Tag Archives: Coronavirus

What The COVID-19 Pandemic Really Needs – A Communicator

17 May

     Yes, the world needs a vaccine.  But until scientists create one, we need communicators too.  

      In times of crisis, leadership of course matters.  But so do words.  In a fast moving multi-channel, multi-platform world where communication networks are no longer linear and centralized, finding authentic voices to coalesce around a unifying message has never been more difficult or important.   Our elected leaders command a bully pulpit that gives them not just great opportunities to lead with their words, but equally great responsibility.  It’s one thing to hold daily news conferences, it’s quite another to persuade, inspire, and drive attitudes.

       Ultimately, historians will judge whether our leaders such as President Donald Trump, Dr.
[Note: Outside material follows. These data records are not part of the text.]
lemma rhs_backward_picard: "\<exists>L B. backward_picard (rhs n) L B"
proof -
  obtain Q where "\<forall>s\<in>{0..1}. \<bar>q s\<bar> \<le> Q"
    using compact_imp_bounded[OF compact_continuous_image[OF q_continuous compact_Icc]]
    by (auto simp: bounded_iff)
  then have Q: "\<And>s. s \<in> {0..1} \<Longrightarrow> \<bar>q s\<bar> \<le> Q" by blast
  have "continuous_on {0..1} (\<lambda>s. h s - c)" using h_continuous by (intro continuous_intros)
  from compact_imp_bounded[OF compact_continuous_image[OF this compact_Icc]]
  obtain H where "\<forall>s\<in>{0..1}. \<bar>h s - c\<bar> \<le> H"
    by (auto simp: bounded_iff)
  then have H: "\<And>s. s \<in> {0..1} \<Longrightarrow> \<bar>h s - c\<bar> \<le> H" by blast
  have "backward_picard (rhs n) (Q / (\<delta> n)\<^sup>2) (H + Q / \<delta> n)"
  proof
    fix s y1 y2 :: real assume s: "s \<in> {0..1}"
    have "\<bar>rhs n s y1 - rhs n s y2\<bar> = \<bar>q s / min y2 (cap n s) - q s / min y1 (cap n s)\<bar>"
      by (simp add: rhs_def)
    also have "\<dots> \<le> Q / (\<delta> n)\<^sup>2 * \<bar>min y2 (cap n s) - min y1 (cap n s)\<bar>"
      by (rule abs_divide_diff_le[OF min_cap_le min_cap_le \<delta>_pos Q[OF s]])
    also have "\<dots> \<le> Q / (\<delta> n)\<^sup>2 * \<bar>y1 - y2\<bar>"
      using Q[OF s] by (intro mult_left_mono) (auto simp: min_def)
    finally show "\<bar>rhs n s y1 - rhs n s y2\<bar> \<le> Q / (\<delta> n)\<^sup>2 * \<bar>y1 - y2\<bar>" .
  next
    fix s y :: real assume s: "s \<in> {0..1}"
    have "\<bar>q s / min y (cap n s)\<bar> \<le> Q / \<delta> n"
      by (rule abs_divide_le_if_le_neg[OF min_cap_le \<delta>_pos Q[OF s]])
    moreover have "\<bar>rhs n s y\<bar> \<le> \<bar>h s - c\<bar> + \<bar>q s / min y (cap n s)\<bar>"
      unfolding rhs_def by (rule abs_triangle_ineq4)
    ultimately show "\<bar>rhs n s y\<bar> \<le> H + Q / \<delta> n" using H[OF s] by linarith
  qed (rule rhs_continuous)
  then show ?thesis by blast
qed

lemma w_spec: "continuous_on {0..1} (w n) \<and> (\<forall>x\<in>{0..1}. w n x = - integral {x..1} (\<lambda>s. rhs n s (w n s)))"
proof -
  obtain L B where "backward_picard (rhs n) L B" using rhs_backward_picard by blast
  then have "\<exists>w. continuous_on {0..1} w \<and> (\<forall>x\<in>{0..1}. w x = - integral {x..1} (\<lambda>s. rhs n s (w s)))"
    by (rule backward_picard.fixed_point_exists)
  then show ?thesis unfolding w_def by (rule someI_ex)
qed

lemma w_continuous: "continuous_on {0..1} (w n)"
  using w_spec by blast

lemma w_eq: "x \<in> {0..1} \<Longrightarrow> w n x = - integral {x..1} (\<lambda>s. rhs n s (w n s))"
  using w_spec by blast

lemma w_at_1: "w n 1 = 0"
  using w_eq[of 1 n] by simp

lemma rhs_w_continuous: "continuous_on {0..1} (\<lambda>s. rhs n s (w n s))"
  by (rule rhs_continuous[OF w_continuous])

lemma w_has_derivative:
  assumes x: "x \<in> {0<..<1}"
  shows "(w n has_real_derivative rhs n x (w n x)) (at x)"
proof (rule has_real_derivative_if_neg_integral_to_1[OF _ w_eq x])
  show "(\<lambda>s. rhs n s (w n s)) integrable_on {0..1}"
    using rhs_w_continuous by (rule integrable_continuous_interval)
  show "isCont (\<lambda>s. rhs n s (w n s)) x"
    using continuous_on_interior[OF rhs_w_continuous] x by (simp add: interior_atLeastAtMost_real)
qed

lemma w_Suc_le:
  assumes x: "x \<in> {0..1}"
  shows "w (Suc n) x \<le> w n x"
proof -
  let ?D = "\<lambda>x. w (Suc n) x - w n x"
  have "?D x \<le> 0"
  proof (rule nonpos_from_right_endpoint[where D = ?D, OF _ _ _ x])
    show "continuous_on {0..1} ?D" using w_continuous by (intro continuous_intros)
    show "?D 1 \<le> 0" by (simp add: w_at_1)
    fix y :: real assume y: "y \<in> {0<..<1}" and "?D y > 0"
    then have "min (w n y) (cap n y) \<le> min (w (Suc n) y) (cap (Suc n) y)"
      using \<delta>_Suc_le[of n] by (auto simp: cap_def min_def)
    then have "q y / min (w (Suc n) y) (cap (Suc n) y) \<le> q y / min (w n y) (cap n y)"
      using q_nonneg[of y] y min_cap_neg by (intro divide_left_mono mult_neg_neg) auto
    then show "\<exists>d\<ge>0. (?D has_real_derivative d) (at y)"
      using DERIV_diff[OF w_has_derivative[OF y, of "Suc n"] w_has_derivative[OF y, of n]]
      by (intro exI[of _ "rhs (Suc n) y (w (Suc n) y) - rhs n y (w n y)"]) (simp add: rhs_def)
  qed
  then show ?thesis by linarith
qed

lemma w_lower_bound:
  assumes x: "x \<in> {0..1}"
  shows "zs x - (cs - c) * (1 - x) \<le> w n x"
proof -
  let ?D = "\<lambda>x. zs x - (cs - c) * (1 - x) - w n x"
  have "?D x \<le> 0"
  proof (rule nonpos_from_right_endpoint[where D = ?D, OF _ _ _ x])
    show "continuous_on {0..1} ?D" using zs_continuous w_continuous by (intro continuous_intros)
    show "?D 1 \<le> 0" using zs by (simp add: w_at_1 is_sol_def)
    fix y :: real assume y: "y \<in> {0<..<1}"
    have "min (w n y) (cap n y) \<le> zs y" by (simp add: cap_def)
    then have "q y / zs y \<le> q y / min (w n y) (cap n y)"
      using q_nonneg[of y] y zs_neg[OF y] min_cap_neg by (intro divide_left_mono mult_neg_neg) auto
    moreover have "(?D has_real_derivative q y / min (w n y) (cap n y) - q y / zs y) (at y)"
      using is_sol_has_derivative[OF zs y] w_has_derivative[OF y, of n]
      by (auto simp: rhs_def intro!: derivative_eq_intros)
    ultimately show "\<exists>d\<ge>0. (?D has_real_derivative d) (at y)"
      by (intro exI[of _ "q y / min (w n y) (cap n y) - q y / zs y"]) simp
  qed
  then show ?thesis by linarith
qed

definition z :: "real \<Rightarrow> real" where
  "z x = lim (\<lambda>n. w n x)"

lemma w_tendsto:
  assumes x: "x \<in> {0..1}"
  shows "(\<lambda>n. w n x) \<longlonglongrightarrow> z x"
proof -
  have "decseq (\<lambda>n. w n x)" using w_Suc_le[OF x] by (simp add: decseq_Suc_iff)
  moreover have "bdd_below (range (\<lambda>n. w n x))"
    using w_lower_bound[OF x] by (intro bdd_belowI[of _ "zs x - (cs - c) * (1 - x)"]) auto
  ultimately have "convergent (\<lambda>n. w n x)" using LIMSEQ_decseq_INF convergent_def by blast
  then show ?thesis by (simp add: z_def convergent_LIMSEQ_iff)
qed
Anthony Fauci and many of our state governors have risen to this high mantel.  But one leading epidemiologist believes that on a national level, no one has—yet.  Dr. Michael Osterholm of the Center for Infectious Disease Research and Policy at the University of Minnesota along with three other academic colleagues recently released a paper projecting three scenarios for the progression of the COVID-19 virus.  The scenario that they believe government and healthcare leaders need to prepare for is a second, more powerful wave of the virus to emerge in the fall.  And Osterholm believes there is a national vacuum of urgency.

       “Generally, I think our leaders at the state level are doing an incredible job, as have most of the governors across the country,” said Osterholm when I spoke with him.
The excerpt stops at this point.